Write out, word for word, every line from the one where "b0\<^sup>2 = 6" occurs to the final line of the entries, and nothing beyond them.

Extracted data entries>
□ □ □ □
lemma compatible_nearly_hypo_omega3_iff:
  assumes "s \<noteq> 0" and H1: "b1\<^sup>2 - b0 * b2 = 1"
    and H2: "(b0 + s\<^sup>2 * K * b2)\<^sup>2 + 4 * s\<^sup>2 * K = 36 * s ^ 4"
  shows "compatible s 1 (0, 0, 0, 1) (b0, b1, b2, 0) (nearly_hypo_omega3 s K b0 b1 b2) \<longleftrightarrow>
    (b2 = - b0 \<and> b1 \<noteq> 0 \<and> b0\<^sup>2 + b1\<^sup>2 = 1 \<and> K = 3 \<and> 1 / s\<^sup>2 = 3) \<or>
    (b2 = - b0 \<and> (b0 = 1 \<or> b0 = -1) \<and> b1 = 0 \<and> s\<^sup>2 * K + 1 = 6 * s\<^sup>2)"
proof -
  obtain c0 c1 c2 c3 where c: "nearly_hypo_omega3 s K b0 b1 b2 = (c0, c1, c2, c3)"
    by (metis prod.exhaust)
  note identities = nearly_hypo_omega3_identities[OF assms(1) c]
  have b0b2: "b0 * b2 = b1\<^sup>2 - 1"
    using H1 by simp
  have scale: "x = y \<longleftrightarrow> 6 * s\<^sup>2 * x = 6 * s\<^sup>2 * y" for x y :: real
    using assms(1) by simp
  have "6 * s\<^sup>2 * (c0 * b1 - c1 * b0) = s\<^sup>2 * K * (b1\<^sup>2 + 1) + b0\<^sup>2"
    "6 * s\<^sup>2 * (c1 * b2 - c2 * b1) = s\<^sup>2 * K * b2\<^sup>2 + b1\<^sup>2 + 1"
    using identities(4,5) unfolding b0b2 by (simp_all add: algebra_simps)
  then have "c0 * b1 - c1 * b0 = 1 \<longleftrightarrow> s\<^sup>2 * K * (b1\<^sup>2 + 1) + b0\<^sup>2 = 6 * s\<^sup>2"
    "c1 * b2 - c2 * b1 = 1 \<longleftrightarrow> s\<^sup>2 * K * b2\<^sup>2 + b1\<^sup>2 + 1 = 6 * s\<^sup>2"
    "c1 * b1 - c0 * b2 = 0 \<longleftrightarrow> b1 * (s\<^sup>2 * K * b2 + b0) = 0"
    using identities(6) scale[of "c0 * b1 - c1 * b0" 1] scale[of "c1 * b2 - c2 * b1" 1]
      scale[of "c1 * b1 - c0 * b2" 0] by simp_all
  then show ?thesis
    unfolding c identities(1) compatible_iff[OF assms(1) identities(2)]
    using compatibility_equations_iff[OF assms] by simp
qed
□ □ □ □
EXERCISE RESPONSE>
  then have "c0 * b1 - c1 * b0 = 1 \<longleftrightarrow> s\<^sup>2 * K * (b1\<^sup>2 + 1) + b0\<^sup>2 = 6 * s\<^sup>2"
    "c1 * b2 - c2 * b1 = 1 \<longleftrightarrow> s\<^sup>2 * K * b2\<^sup>2 + b1\<^sup>2 + 1 = 6 * s\<^sup>2"
    "c1 * b1 - c0 * b2 = 0 \<longleftrightarrow> b1 * (s\<^sup>2 * K * b2 + b0) = 0"
    using identities(6) scale[of "c0 * b1 - c1 * b0" 1] scale[of "c1 * b2 - c2 * b1" 1]
      scale[of "c1 * b1 - c0 * b2" 0] by simp_all
  then show ?thesis
    unfolding c identities(1) compatible_iff[OF assms(1) identities(2)]
    using compatibility_equations_iff[OF assms] by simp
qed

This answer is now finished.